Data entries
───

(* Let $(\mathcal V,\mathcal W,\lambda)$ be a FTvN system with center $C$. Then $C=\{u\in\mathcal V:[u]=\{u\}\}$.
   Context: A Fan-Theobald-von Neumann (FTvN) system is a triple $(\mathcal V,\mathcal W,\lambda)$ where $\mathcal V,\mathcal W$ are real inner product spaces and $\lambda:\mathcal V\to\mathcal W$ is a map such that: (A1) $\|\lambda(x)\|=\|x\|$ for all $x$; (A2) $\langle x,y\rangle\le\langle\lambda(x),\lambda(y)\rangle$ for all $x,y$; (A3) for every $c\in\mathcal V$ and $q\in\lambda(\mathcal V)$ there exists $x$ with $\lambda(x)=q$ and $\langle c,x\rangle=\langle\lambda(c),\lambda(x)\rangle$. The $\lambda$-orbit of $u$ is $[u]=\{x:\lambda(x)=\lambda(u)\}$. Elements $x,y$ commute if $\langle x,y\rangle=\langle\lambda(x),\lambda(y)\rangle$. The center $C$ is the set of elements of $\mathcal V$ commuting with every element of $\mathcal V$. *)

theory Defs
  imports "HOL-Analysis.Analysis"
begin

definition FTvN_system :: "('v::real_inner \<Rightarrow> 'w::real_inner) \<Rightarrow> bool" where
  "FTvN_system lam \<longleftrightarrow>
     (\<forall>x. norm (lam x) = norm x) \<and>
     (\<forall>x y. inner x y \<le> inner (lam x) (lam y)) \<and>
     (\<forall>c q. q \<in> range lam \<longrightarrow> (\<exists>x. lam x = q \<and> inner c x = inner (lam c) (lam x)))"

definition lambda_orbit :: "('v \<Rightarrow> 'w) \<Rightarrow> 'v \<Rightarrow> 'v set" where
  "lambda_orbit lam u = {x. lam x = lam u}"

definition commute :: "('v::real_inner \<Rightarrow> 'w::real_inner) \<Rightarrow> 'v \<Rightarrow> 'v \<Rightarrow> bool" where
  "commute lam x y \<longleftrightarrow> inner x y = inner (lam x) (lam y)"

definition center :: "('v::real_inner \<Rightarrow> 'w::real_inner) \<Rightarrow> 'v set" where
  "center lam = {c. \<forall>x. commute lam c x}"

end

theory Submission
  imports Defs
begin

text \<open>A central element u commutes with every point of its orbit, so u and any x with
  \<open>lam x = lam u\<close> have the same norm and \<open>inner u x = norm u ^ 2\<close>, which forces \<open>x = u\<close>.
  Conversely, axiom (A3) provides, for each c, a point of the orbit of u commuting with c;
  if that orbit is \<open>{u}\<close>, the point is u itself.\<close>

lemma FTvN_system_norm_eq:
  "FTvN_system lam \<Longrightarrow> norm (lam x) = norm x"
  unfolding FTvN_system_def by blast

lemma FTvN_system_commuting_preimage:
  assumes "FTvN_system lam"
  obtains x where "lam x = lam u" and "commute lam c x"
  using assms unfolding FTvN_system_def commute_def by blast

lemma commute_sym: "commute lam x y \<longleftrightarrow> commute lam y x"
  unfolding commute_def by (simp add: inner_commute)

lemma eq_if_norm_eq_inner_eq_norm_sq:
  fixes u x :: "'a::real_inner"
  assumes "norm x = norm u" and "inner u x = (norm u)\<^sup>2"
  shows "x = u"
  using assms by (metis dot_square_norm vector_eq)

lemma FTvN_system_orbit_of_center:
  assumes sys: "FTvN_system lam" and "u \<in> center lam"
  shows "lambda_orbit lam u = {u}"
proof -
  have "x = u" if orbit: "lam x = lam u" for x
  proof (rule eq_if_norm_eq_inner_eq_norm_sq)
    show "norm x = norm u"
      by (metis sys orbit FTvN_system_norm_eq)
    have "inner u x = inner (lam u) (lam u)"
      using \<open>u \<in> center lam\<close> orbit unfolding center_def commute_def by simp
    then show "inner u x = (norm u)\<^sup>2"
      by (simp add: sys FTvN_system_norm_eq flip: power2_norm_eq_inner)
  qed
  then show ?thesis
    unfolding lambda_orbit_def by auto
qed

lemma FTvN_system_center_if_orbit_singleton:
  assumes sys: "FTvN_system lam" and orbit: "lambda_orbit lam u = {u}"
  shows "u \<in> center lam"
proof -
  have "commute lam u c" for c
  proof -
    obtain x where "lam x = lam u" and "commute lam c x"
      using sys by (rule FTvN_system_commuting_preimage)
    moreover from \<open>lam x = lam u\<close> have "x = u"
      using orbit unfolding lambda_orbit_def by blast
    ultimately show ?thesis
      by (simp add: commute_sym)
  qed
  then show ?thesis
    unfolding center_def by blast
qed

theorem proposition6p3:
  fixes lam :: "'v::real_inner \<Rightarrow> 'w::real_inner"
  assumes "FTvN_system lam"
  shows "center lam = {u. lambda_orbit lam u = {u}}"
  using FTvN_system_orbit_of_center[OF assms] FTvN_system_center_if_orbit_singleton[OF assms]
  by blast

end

───

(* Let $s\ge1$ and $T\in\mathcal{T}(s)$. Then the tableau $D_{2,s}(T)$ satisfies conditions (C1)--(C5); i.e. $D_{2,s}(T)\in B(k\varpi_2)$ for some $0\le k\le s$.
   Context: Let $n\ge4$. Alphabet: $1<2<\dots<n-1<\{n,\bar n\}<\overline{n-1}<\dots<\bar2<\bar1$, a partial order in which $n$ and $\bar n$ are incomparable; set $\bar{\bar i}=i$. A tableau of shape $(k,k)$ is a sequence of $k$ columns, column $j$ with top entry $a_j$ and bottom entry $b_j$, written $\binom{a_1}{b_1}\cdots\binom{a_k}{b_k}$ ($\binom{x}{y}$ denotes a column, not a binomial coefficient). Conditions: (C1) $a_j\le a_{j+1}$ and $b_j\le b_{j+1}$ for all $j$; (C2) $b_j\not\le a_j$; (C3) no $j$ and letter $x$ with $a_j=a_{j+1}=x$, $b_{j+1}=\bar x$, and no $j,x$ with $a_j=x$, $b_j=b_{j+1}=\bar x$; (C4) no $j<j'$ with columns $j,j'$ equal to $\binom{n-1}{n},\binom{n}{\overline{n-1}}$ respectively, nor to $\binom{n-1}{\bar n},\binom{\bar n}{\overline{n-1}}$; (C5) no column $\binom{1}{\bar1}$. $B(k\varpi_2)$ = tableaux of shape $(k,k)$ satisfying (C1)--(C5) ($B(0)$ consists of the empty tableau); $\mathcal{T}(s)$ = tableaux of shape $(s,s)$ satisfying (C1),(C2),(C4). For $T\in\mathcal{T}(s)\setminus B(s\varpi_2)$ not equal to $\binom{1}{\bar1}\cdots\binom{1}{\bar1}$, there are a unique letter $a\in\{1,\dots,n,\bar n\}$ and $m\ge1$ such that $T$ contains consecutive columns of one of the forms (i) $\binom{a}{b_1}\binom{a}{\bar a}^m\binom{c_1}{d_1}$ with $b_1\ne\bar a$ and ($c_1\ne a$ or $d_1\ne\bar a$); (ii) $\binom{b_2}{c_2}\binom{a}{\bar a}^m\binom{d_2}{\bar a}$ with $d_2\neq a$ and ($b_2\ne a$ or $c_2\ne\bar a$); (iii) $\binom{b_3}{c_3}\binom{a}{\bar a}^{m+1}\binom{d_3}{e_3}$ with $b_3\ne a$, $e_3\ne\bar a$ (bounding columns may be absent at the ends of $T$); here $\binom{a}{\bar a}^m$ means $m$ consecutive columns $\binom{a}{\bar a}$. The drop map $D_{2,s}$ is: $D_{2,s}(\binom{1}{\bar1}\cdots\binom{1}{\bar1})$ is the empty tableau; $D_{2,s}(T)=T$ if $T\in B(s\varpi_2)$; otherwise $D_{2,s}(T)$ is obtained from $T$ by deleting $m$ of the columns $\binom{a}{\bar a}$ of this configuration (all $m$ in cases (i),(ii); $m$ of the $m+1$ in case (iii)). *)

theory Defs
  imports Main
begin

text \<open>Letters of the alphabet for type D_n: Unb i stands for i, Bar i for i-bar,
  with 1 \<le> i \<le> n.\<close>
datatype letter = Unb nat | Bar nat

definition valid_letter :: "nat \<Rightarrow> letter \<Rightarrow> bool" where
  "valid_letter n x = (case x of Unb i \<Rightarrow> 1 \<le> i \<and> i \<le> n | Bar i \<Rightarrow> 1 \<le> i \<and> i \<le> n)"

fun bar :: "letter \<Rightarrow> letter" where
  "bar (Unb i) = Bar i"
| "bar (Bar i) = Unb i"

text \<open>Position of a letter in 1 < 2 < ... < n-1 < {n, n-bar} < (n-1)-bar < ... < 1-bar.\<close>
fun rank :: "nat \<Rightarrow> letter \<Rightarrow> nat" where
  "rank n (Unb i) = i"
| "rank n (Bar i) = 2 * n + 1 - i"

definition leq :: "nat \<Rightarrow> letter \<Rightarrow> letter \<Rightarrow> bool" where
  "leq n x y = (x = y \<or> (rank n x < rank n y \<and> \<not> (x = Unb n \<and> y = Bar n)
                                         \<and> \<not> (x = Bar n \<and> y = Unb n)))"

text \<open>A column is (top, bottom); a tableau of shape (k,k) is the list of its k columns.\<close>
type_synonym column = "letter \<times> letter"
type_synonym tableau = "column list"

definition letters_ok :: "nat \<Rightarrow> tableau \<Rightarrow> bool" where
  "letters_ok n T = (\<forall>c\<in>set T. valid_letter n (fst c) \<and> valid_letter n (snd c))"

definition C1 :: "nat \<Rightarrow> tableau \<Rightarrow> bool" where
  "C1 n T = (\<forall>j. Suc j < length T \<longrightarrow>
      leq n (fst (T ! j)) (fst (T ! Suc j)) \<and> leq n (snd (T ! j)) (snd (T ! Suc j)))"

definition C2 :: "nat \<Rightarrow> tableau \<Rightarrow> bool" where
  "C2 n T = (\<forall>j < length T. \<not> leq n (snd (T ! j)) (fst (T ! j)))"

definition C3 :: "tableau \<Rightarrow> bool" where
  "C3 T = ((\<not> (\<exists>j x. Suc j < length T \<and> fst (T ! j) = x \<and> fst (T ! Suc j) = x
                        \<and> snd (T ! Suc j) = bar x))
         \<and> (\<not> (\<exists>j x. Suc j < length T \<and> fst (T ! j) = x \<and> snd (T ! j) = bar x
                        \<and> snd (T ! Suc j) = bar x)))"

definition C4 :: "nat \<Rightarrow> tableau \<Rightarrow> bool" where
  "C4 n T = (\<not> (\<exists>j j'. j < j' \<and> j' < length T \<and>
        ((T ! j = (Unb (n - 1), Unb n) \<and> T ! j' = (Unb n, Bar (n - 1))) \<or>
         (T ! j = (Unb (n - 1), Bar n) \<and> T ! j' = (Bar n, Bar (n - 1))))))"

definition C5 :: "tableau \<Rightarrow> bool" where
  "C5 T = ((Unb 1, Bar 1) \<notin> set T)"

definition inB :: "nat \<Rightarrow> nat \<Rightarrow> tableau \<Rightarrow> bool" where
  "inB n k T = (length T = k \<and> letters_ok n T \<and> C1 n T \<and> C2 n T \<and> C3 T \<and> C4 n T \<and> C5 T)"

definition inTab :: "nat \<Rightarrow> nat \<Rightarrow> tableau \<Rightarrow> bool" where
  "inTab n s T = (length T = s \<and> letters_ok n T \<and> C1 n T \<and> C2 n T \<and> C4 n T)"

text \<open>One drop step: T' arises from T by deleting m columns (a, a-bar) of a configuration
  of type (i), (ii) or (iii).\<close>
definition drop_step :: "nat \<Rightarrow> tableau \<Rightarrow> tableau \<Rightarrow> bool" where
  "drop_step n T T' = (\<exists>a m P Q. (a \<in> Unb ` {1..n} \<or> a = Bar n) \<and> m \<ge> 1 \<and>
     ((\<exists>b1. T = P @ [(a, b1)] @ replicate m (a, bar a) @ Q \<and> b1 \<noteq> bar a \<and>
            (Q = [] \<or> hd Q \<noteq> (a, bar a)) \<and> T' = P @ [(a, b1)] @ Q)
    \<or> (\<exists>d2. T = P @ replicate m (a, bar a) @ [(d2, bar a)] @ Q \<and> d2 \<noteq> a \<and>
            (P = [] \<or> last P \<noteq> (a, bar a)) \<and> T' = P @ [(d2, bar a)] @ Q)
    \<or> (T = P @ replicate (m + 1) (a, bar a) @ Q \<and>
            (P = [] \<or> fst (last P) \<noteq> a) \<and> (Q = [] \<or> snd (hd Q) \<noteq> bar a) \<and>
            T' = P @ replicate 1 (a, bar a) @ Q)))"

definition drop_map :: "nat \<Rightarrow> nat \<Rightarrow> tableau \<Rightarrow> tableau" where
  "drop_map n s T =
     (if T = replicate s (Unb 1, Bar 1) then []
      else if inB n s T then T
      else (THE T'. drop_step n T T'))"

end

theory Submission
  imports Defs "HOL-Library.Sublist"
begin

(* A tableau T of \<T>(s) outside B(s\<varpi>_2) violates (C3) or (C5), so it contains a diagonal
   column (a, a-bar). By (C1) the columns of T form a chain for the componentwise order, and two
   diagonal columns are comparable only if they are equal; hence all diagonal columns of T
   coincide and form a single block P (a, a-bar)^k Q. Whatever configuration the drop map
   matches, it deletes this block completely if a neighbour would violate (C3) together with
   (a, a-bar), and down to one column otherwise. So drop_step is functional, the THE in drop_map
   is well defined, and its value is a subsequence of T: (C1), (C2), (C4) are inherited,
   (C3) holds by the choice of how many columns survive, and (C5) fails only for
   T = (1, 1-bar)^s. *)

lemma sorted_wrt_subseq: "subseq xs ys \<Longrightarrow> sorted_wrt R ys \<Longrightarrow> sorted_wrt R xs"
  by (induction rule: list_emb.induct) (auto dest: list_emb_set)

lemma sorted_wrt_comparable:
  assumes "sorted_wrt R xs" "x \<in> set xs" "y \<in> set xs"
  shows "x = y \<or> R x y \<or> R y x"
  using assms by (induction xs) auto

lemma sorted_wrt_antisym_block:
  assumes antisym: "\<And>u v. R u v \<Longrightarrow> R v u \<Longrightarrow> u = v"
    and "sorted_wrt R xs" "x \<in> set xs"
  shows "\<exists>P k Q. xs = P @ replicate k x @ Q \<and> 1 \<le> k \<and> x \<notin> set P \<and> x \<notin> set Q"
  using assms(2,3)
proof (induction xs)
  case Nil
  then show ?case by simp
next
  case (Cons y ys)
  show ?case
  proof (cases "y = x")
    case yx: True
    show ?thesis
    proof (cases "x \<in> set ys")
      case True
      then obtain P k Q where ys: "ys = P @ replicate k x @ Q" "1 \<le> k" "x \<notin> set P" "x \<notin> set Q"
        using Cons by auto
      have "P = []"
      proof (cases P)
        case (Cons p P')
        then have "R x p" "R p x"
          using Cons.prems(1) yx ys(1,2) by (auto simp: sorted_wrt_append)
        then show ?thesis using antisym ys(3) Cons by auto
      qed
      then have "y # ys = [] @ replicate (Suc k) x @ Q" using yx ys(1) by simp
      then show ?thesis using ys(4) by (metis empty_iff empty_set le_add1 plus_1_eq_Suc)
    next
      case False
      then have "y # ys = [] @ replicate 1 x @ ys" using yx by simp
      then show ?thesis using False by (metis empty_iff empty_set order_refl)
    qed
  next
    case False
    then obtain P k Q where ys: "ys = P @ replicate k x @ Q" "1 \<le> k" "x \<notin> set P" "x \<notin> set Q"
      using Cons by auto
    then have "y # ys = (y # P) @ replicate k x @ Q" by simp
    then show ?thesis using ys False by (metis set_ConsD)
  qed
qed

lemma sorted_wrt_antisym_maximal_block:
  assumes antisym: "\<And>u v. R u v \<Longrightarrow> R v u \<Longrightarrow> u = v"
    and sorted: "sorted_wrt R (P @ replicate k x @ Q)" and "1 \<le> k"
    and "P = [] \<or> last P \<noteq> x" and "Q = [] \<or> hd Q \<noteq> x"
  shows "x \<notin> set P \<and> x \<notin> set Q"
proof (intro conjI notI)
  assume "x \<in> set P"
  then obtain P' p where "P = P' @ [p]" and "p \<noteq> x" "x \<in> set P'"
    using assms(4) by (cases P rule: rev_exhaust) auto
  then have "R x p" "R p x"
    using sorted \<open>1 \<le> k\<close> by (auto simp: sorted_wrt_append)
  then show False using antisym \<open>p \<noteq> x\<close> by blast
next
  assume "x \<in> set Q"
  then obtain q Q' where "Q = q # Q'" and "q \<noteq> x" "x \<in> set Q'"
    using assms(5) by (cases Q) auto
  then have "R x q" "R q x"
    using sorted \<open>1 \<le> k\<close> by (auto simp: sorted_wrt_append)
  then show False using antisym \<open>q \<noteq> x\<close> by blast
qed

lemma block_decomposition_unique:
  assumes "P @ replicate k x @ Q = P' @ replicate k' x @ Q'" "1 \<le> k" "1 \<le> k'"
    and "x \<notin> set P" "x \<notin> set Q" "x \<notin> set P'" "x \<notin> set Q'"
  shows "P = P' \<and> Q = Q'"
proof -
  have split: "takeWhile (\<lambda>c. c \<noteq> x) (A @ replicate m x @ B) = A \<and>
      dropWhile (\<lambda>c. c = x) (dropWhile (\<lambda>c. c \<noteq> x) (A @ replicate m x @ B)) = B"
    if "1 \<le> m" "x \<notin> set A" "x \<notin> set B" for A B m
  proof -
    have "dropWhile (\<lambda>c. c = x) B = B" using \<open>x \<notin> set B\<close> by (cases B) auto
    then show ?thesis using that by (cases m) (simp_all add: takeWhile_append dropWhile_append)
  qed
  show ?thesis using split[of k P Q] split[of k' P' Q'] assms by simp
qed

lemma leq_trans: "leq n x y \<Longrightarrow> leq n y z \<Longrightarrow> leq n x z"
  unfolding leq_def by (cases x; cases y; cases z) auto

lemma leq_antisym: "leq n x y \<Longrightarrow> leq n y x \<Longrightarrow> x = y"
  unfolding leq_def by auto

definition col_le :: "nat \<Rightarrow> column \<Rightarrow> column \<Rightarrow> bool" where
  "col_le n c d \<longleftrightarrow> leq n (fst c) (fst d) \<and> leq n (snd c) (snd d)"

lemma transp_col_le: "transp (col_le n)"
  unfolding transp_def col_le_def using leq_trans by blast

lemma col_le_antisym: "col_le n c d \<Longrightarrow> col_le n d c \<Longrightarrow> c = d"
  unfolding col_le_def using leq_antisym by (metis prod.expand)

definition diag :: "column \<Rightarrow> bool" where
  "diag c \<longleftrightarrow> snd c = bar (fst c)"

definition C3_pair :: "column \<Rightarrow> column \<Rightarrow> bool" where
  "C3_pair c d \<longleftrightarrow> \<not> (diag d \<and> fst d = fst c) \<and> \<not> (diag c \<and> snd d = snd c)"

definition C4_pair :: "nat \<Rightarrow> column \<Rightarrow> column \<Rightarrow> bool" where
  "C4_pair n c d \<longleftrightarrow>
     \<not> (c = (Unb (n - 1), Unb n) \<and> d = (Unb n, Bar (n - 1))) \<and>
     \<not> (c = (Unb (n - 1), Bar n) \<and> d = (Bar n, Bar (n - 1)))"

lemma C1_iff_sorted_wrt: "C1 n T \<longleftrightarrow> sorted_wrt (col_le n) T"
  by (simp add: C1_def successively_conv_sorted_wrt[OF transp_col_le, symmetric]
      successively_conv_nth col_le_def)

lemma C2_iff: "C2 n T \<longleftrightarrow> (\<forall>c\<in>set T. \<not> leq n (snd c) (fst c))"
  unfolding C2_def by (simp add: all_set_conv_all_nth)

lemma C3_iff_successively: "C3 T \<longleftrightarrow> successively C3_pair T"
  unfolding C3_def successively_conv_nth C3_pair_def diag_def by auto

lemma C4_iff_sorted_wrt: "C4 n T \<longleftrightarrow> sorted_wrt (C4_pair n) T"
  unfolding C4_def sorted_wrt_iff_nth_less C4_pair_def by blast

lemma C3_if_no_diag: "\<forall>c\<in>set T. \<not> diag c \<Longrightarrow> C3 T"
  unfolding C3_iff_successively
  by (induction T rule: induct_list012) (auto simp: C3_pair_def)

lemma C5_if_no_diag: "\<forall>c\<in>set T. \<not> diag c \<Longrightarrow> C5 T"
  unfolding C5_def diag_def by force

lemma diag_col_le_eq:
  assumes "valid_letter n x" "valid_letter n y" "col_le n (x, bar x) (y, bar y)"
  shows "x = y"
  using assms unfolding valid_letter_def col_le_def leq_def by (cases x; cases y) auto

───

◆ YOUR GOAL ◆
On how many lines above does the word "rule" appear? Answer with that figure only.

◆ OUTPUT FOR THIS TASK ◆
5